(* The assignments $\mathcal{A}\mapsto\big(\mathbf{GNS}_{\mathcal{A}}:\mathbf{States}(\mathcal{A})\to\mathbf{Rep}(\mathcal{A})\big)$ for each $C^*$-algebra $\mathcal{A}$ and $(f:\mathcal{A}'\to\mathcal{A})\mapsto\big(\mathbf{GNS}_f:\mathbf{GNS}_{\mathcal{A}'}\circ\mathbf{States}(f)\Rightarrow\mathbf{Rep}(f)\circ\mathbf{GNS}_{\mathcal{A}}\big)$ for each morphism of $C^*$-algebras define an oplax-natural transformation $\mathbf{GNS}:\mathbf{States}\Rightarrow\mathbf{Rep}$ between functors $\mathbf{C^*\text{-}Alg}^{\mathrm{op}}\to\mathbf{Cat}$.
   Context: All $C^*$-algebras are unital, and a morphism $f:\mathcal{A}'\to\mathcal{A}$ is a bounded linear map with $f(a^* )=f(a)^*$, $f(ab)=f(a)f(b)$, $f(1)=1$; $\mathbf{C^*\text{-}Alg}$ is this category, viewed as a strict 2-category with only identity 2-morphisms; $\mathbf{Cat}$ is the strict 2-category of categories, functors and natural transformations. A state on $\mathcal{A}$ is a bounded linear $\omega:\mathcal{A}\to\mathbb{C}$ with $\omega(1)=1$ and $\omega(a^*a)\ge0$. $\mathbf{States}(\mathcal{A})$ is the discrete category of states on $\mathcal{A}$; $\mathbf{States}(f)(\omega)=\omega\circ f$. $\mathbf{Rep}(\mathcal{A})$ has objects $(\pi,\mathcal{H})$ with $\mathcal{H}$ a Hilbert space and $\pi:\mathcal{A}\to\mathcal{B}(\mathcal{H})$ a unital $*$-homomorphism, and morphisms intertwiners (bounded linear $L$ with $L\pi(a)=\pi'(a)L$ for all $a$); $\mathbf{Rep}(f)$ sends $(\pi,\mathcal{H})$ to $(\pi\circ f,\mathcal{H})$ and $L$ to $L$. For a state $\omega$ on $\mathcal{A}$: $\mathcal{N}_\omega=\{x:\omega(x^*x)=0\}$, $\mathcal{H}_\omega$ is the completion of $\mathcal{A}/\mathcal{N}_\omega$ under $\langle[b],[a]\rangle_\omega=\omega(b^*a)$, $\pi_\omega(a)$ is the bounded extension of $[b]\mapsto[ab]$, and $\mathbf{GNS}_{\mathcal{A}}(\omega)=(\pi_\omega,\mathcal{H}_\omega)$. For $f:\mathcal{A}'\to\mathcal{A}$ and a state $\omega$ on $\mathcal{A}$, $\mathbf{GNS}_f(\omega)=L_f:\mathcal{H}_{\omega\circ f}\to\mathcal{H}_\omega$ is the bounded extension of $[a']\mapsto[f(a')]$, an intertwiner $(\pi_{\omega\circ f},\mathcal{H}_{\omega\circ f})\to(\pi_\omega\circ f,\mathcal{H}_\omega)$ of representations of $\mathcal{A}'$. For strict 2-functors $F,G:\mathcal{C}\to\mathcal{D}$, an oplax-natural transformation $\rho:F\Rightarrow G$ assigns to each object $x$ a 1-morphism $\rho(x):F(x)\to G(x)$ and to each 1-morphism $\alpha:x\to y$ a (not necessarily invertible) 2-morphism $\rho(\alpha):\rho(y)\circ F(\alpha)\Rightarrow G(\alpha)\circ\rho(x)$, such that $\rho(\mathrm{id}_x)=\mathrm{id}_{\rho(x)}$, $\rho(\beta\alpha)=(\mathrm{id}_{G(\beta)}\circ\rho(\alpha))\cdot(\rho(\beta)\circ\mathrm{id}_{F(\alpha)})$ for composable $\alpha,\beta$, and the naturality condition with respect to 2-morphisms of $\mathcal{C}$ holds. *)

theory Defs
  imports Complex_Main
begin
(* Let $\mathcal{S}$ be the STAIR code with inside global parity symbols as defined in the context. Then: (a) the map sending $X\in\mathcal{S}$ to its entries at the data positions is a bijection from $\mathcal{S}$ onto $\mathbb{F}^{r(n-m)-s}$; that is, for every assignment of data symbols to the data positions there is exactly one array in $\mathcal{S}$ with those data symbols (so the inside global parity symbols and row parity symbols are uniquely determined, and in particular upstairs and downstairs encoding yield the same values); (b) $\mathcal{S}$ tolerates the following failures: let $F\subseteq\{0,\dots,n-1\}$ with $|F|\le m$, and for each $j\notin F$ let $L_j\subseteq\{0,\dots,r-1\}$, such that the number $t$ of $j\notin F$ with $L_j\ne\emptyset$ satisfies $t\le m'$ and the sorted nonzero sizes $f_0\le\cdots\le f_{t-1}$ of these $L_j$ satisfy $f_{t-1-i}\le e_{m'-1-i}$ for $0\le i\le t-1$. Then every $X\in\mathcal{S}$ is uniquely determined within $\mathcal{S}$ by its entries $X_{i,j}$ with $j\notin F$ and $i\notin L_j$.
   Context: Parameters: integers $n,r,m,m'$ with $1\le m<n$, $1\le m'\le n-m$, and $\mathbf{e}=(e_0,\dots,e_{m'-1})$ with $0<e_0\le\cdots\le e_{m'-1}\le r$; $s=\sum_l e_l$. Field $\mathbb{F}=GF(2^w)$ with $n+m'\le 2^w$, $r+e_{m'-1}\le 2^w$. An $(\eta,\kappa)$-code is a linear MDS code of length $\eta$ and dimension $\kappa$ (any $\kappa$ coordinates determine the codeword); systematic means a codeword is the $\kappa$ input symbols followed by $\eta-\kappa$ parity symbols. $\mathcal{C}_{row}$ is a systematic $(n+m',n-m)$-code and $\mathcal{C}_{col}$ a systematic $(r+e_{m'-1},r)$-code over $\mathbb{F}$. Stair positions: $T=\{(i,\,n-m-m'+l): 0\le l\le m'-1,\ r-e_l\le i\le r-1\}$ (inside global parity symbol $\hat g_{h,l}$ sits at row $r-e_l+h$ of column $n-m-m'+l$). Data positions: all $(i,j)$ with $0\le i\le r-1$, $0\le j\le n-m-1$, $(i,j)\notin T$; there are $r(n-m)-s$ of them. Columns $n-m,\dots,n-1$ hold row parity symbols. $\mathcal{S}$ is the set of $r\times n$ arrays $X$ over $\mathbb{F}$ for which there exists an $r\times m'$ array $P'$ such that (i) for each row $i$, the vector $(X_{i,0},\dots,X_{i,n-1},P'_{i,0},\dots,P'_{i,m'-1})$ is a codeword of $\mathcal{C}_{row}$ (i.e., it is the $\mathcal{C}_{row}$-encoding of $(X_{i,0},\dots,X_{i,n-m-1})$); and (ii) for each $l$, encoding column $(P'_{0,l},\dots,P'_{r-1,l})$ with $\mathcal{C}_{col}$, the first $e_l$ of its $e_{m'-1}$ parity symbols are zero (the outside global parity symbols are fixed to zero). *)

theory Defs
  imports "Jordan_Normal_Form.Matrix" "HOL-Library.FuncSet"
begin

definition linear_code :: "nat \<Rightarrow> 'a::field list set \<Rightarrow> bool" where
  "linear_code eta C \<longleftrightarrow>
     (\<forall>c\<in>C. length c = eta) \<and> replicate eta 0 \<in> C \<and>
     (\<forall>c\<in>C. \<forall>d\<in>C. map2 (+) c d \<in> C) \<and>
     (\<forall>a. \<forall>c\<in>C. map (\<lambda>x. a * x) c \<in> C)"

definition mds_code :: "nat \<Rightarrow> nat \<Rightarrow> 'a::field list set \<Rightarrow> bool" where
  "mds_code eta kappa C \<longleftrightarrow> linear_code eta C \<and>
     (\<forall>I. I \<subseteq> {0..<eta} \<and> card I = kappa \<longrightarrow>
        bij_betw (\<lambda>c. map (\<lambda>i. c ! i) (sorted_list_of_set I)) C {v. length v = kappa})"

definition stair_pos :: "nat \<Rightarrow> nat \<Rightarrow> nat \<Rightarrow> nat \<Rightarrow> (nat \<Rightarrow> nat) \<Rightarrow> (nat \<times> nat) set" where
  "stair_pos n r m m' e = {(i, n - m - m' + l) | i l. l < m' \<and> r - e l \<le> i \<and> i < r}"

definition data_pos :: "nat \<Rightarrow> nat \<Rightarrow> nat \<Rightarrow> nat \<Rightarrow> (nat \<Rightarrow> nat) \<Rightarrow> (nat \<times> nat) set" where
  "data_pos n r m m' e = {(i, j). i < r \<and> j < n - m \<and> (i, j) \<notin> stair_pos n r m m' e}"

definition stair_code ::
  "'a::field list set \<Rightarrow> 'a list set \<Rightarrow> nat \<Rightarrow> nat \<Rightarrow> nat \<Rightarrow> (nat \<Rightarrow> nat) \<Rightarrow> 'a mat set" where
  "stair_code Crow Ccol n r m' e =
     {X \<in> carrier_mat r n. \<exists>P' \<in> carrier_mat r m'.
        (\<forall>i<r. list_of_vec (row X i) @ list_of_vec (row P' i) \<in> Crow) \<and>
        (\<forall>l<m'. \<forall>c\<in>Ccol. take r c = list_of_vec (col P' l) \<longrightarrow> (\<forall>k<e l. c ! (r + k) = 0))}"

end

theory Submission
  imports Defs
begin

- **What you need to do**:
Find the word "Ccol" in the entries and show each line where it is found.

- **Exercise answer**:
  "stair_code Crow Ccol n r m' e =
        (\<forall>l<m'. \<forall>c\<in>Ccol. take r c = list_of_vec (col P' l) \<longrightarrow> (\<forall>k<e l. c ! (r + k) = 0))}"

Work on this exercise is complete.